Ермолова сначала недоверчиво относилась к театру. Ее смущали рассказы окружавших о необычайной разработке деталей постановки.
— Фокусы какие-то придумывают… К чему это? — задумчиво и недоуменно говорила она. Но после «Трех сестер» она взволновалась необыкновенно: пошла за кулисы, обнимала актеров и, обычно сдержанная и молчаливая, горячо выражала им свой восторг. С тех пор она не пропускала ни одной премьеры. Известно ее письмо Вишневскому после первого представления «На дне». Ее чуткая натура не могла не отозваться на жизненную правду, которую она сама так замечательно воплощала.

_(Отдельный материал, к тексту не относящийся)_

lemma herm_dual_subset_qc_code_iff:
  assumes m: "m > 0" and inverse: "[D * (1 - v * v) = 1] (mod xm1 m)"
    and g1: "g1 dvd xm1 m" and g2: "g2 dvd xm1 m"
  shows "herm_dual q (2 * m) (qc_code m g1 (v * g1) (v * g2) g2) \<subseteq> qc_code m g1 (v * g1) (v * g2) g2
    \<longleftrightarrow> (\<forall>a1 a2. dual_pair m g1 g2 v a1 a2 \<longrightarrow> code_pair g1 g2 v a1 a2)"
proof (intro iffI allI impI subsetI)
  fix a1 a2
  assume "herm_dual q (2 * m) (qc_code m g1 (v * g1) (v * g2) g2) \<subseteq> qc_code m g1 (v * g1) (v * g2) g2"
    and "dual_pair m g1 g2 v a1 a2"
  then show "code_pair g1 g2 v a1 a2"
    using herm_dual_member_iff[OF m] qc_code_member_iff[OF m inverse g1 g2] by blast
next
  fix u
  assume dual_code: "\<forall>a1 a2. dual_pair m g1 g2 v a1 a2 \<longrightarrow> code_pair g1 g2 v a1 a2"
    and u: "u \<in> herm_dual q (2 * m) (qc_code m g1 (v * g1) (v * g2) g2)"
  then have "u = cvec m (Poly (take m u)) @ cvec m (Poly (drop m u))"
    using m by (simp add: herm_dual_def cvec_Poly)
  then show "u \<in> qc_code m g1 (v * g1) (v * g2) g2"
    using u dual_code herm_dual_member_iff[OF m] qc_code_member_iff[OF m inverse g1 g2] by metis
qed

lemma dual_pair_hconj_iff:
  assumes "m > 0"
  shows "dual_pair m g1 g2 v (hconj m c1) (hconj m c2) \<longleftrightarrow>
    xm1 m dvd (c1 + v * c2) * g1 \<and> xm1 m dvd (v * c1 + c2) * g2"
proof -
  have "[(hconj m (hconj m c1) + v * hconj m (hconj m c2)) * g1 = (c1 + v * c2) * g1] (mod xm1 m)"
    "[(v * hconj m (hconj m c1) + hconj m (hconj m c2)) * g2 = (v * c1 + c2) * g2] (mod xm1 m)"
    using hconj_hconj_cong[OF assms] by (simp_all add: cong_add cong_scalar_left cong_scalar_right)
  then show ?thesis
    unfolding dual_pair_def using cong_dvd_iff by blast
qed

lemma dual_pair_imp_cong_cofactor_mult:
  assumes m: "m > 0" and factor1: "h1 * g1 = xm1 m" and factor2: "h2 * g2 = xm1 m"
    and dual: "dual_pair m g1 g2 v a1 a2"
  obtains \<alpha> \<beta> where
    "[a1 + hconj m v * a2 = hconj m h1 * \<alpha>] (mod xm1 m)"
    "[hconj m v * a1 + a2 = hconj m h2 * \<beta>] (mod xm1 m)"
proof -
  have "g1 \<noteq> 0" "g2 \<noteq> 0"
    using factor1 factor2 xm1_nonzero[OF m] by auto
  moreover have "h1 * g1 dvd (hconj m a1 + v * hconj m a2) * g1"
    "h2 * g2 dvd (v * hconj m a1 + hconj m a2) * g2"
    using dual by (simp_all add: dual_pair_def factor1 factor2)
  ultimately obtain \<alpha> \<beta> where
    \<alpha>: "hconj m a1 + v * hconj m a2 = h1 * \<alpha>" and
    \<beta>: "v * hconj m a1 + hconj m a2 = h2 * \<beta>"
    by (auto elim!: dvdE)
  have "[a1 + hconj m v * a2 = hconj m (hconj m a1 + v * hconj m a2)] (mod xm1 m)"
    "[hconj m v * a1 + a2 = hconj m (v * hconj m a1 + hconj m a2)] (mod xm1 m)"
    using hconj_hconj_cong[OF m] by (simp_all add: hconj_add hconj_mult cong_add cong_scalar_left cong_sym)
  then show thesis
    using that[of "hconj m \<alpha>" "hconj m \<beta>"] by (simp add: \<alpha> \<beta> hconj_mult)
qed

lemma dvd_hconj_cofactor_swap:
  assumes m: "m > 0" and factor1: "h1 * g1 = xm1 m" and factor2: "h2 * g2 = xm1 m"
    and self_conj: "[hconj m s = s] (mod xm1 m)"
  shows "g1 dvd hconj m h2 * s \<longleftrightarrow> g2 dvd hconj m h1 * s"
proof -
  have swap: "g' dvd hconj m h * s"
    if factor: "h * g = xm1 m" and factor': "h' * g' = xm1 m" and dvd: "g dvd hconj m h' * s"
    for g h g' h'
  proof -
    have "h \<noteq> 0" "h' \<noteq> 0"
      using factor factor' xm1_nonzero[OF m] by auto
    have "xm1 m dvd h * (hconj m h' * s)"
      using dvd \<open>h \<noteq> 0\<close> by (simp flip: factor)
    then have "xm1 m dvd hconj m (h * (hconj m h' * s))"
      using cong_hconj[of _ 0 m] by (simp add: cong_0_iff)
    moreover have "[hconj m (h * (hconj m h' * s)) = h' * (hconj m h * s)] (mod xm1 m)"
    proof -
      have "hconj m (h * (hconj m h' * s)) = hconj m (hconj m h') * (hconj m h * hconj m s)"
        by (simp add: hconj_mult ac_simps)
      also have "[\<dots> = h' * (hconj m h * s)] (mod xm1 m)"
        by (intro cong_mult cong_refl hconj_hconj_cong m self_conj)
      finally show ?thesis .
    qed
    ultimately have "xm1 m dvd h' * (hconj m h * s)"
      using cong_dvd_iff by blast
    then show ?thesis
      using \<open>h' \<noteq> 0\<close> by (simp flip: factor')
  qed
  show ?thesis
    using swap[OF factor1 factor2] swap[OF factor2 factor1] by blast
qed

context
  fixes m :: nat and g1 h1 g2 h2 v D :: "'a poly"
  assumes m_pos: "m > 0" and factor1: "h1 * g1 = xm1 m" and factor2: "h2 * g2 = xm1 m"
    and inverse: "[D * (1 - v * v) = 1] (mod xm1 m)"
begin

lemma hconj_inverse: "[(1 - hconj m v * hconj m v) * hconj m D = 1] (mod xm1 m)"
  using cong_hconj[OF inverse] by (simp add: hconj_mult hconj_diff mult.commute)

text \<open>The map \<open>(c\<^sub>1, c\<^sub>2) \<mapsto> (c\<^sub>1 + v c\<^sub>2, v c\<^sub>1 + c\<^sub>2)\<close> is inverted modulo \<open>x^m - 1\<close> by
  \<open>(c\<^sub>1, c\<^sub>2) \<mapsto> D (c\<^sub>1 - v c\<^sub>2, c\<^sub>2 - v c\<^sub>1)\<close>, so \<open>D (h\<^sub>1, -v h\<^sub>1)\<close> and \<open>D (-v h\<^sub>2, h\<^sub>2)\<close>
  are the preimages of \<open>(h\<^sub>1, 0)\<close> and \<open>(0, h\<^sub>2)\<close>; their conjugates generate the dual.\<close>

lemma dual_pair_generators:
  "dual_pair m g1 g2 v (hconj m (D * h1)) (hconj m (- (v * D * h1)))"
  "dual_pair m g1 g2 v (hconj m (- (v * D * h2))) (hconj m (D * h2))"
proof -
  have kernel: "xm1 m dvd (D * h - v * (v * (D * h))) * g" if "h * g = xm1 m" for h g
  proof -
    have "(D * h - v * (v * (D * h))) * g = D * (1 - v * v) * (h * g)"
      by (simp add: algebra_simps)
    then show ?thesis
      using that by simp
  qed
  from factor1 factor2 show
    "dual_pair m g1 g2 v (hconj m (D * h1)) (hconj m (- (v * D * h1)))"
    "dual_pair m g1 g2 v (hconj m (- (v * D * h2))) (hconj m (D * h2))"
    unfolding dual_pair_hconj_iff[OF m_pos]
    by (auto intro: kernel simp: mult.assoc add.commute)
qed

lemma dual_pair_span:
  assumes "dual_pair m g1 g2 v a1 a2"
  obtains \<alpha> \<beta> where
    "[a1 = \<alpha> * hconj m (D * h1) + \<beta> * hconj m (- (v * D * h2))] (mod xm1 m)"
    "[a2 = \<alpha> * hconj m (- (v * D * h1)) + \<beta> * hconj m (D * h2)] (mod xm1 m)"
proof -
  let ?w = "hconj m v" and ?K = "hconj m D"
  obtain \<alpha> \<beta> where
    \<alpha>: "[a1 + ?w * a2 = hconj m h1 * \<alpha>] (mod xm1 m)" and
    \<beta>: "[?w * a1 + a2 = hconj m h2 * \<beta>] (mod xm1 m)"
    using dual_pair_imp_cong_cofactor_mult[OF m_pos factor1 factor2 assms] .
  have unit: "[a = (1 - ?w * ?w) * ?K * a] (mod xm1 m)" for a
    using cong_scalar_right[OF hconj_inverse, of a] by (simp add: cong_sym)
  have "[a1 = (1 - ?w * ?w) * ?K * a1] (mod xm1 m)"
    by (rule unit)
  also have "(1 - ?w * ?w) * ?K * a1 = ?K * ((a1 + ?w * a2) - ?w * (?w * a1 + a2))"
    by (simp add: algebra_simps)
  also have "[\<dots> = ?K * (hconj m h1 * \<alpha> - ?w * (hconj m h2 * \<beta>))] (mod xm1 m)"
    using \<alpha> \<beta> by (intro cong_scalar_left cong_diff) simp_all
  also have "?K * (hconj m h1 * \<alpha> - ?w * (hconj m h2 * \<beta>))
      = \<alpha> * hconj m (D * h1) + \<beta> * hconj m (- (v * D * h2))"
    by (simp add: hconj_mult hconj_uminus algebra_simps)
  finally have a1: "[a1 = \<alpha> * hconj m (D * h1) + \<beta> * hconj m (- (v * D * h2))] (mod xm1 m)" .
  have "[a2 = (1 - ?w * ?w) * ?K * a2] (mod xm1 m)"
    by (rule unit)
  also have "(1 - ?w * ?w) * ?K * a2 = ?K * ((?w * a1 + a2) - ?w * (a1 + ?w * a2))"
    by (simp add: algebra_simps)
  also have "[\<dots> = ?K * (hconj m h2 * \<beta> - ?w * (hconj m h1 * \<alpha>))] (mod xm1 m)"
    using \<alpha> \<beta> by (intro cong_scalar_left cong_diff) simp_all
  also have "?K * (hconj m h2 * \<beta> - ?w * (hconj m h1 * \<alpha>))
      = \<alpha> * hconj m (- (v * D * h1)) + \<beta> * hconj m (D * h2)"
    by (simp add: hconj_mult hconj_uminus algebra_simps)
  finally have a2: "[a2 = \<alpha> * hconj m (- (v * D * h1)) + \<beta> * hconj m (D * h2)] (mod xm1 m)" .
  from a1 a2 show thesis
    by (rule that)
qed

lemma dual_subset_code_iff_generators:
  "(\<forall>a1 a2. dual_pair m g1 g2 v a1 a2 \<longrightarrow> code_pair g1 g2 v a1 a2) \<longleftrightarrow>
    code_pair g1 g2 v (hconj m (D * h1)) (hconj m (- (v * D * h1))) \<and>
    code_pair g1 g2 v (hconj m (- (v * D * h2))) (hconj m (D * h2))"
proof (intro iffI allI impI)
  fix a1 a2
  assume gens: "code_pair g1 g2 v (hconj m (D * h1)) (hconj m (- (v * D * h1))) \<and>
    code_pair g1 g2 v (hconj m (- (v * D * h2))) (hconj m (D * h2))"
    and dual: "dual_pair m g1 g2 v a1 a2"
  obtain \<alpha> \<beta> where
    "[a1 = \<alpha> * hconj m (D * h1) + \<beta> * hconj m (- (v * D * h2))] (mod xm1 m)"
    "[a2 = \<alpha> * hconj m (- (v * D * h1)) + \<beta> * hconj m (D * h2)] (mod xm1 m)"
    using dual by (rule dual_pair_span)
  moreover have "g1 dvd xm1 m" "g2 dvd xm1 m"
    using factor1 factor2 by (metis dvd_triv_right)+
  ultimately show "code_pair g1 g2 v a1 a2"
    using code_pair_lincomb[of g1 g2 v _ _ _ _ \<alpha> \<beta>] gens code_pair_cong by blast
qed (use dual_pair_generators in blast)+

Недруги, их было немало, особенно прицеплялись к «сверчкам», «комарам», «колеблющимся занавескам». Но у большинства никогда не было того впечатления, чтобы эти мелочи заслоняли целое, наоборот, только подчеркивалось ощущение «как в жизни», поражавшее в постановках Художественного театра.
Какое, например, сильное впечатление производила последняя сцена в «Дяде Ване», когда в опустевшем доме остаются Соня, дядя Ваня и няня.
Уехали… Пауза. Тишина. И вдруг — короткий стук лошадиных копыт: очевидно, экипаж въехал с мягкой дороги на деревянный мост, и в последний раз что-то еще послышалось от этой навсегда ушедшей жизни. Вспоминается стук земли о крышку гроба, опущенного в могилу… потом опять тишина: все кончено.
Или когда актеры «били комаров», хлопая себя по лбу и по рукам: так и вставал жаркий летний день. Эта деталь совершенно не мешала ходу действия, наоборот, как бы давала воображению какую-то конкретную базу.
В пьесах Чехова Художественным театром особенно достигалось ощущение: «иначе быть не может». Почти в каждой другой пьесе можно было допустить, что та или другая сцена может быть выпущена без ущерба для действия или заменена, а иная написана только для эффекта, для актера. В пьесах же Чехова казалось, что ни изменить, ни прибавить ничего нельзя, как нельзя в жизни изменить ее течения. Я высказала это Чехову, а он улыбнулся так, что в углах глаз собрались морщинки, и сказал: «Они — хитрые: это уж они так играют».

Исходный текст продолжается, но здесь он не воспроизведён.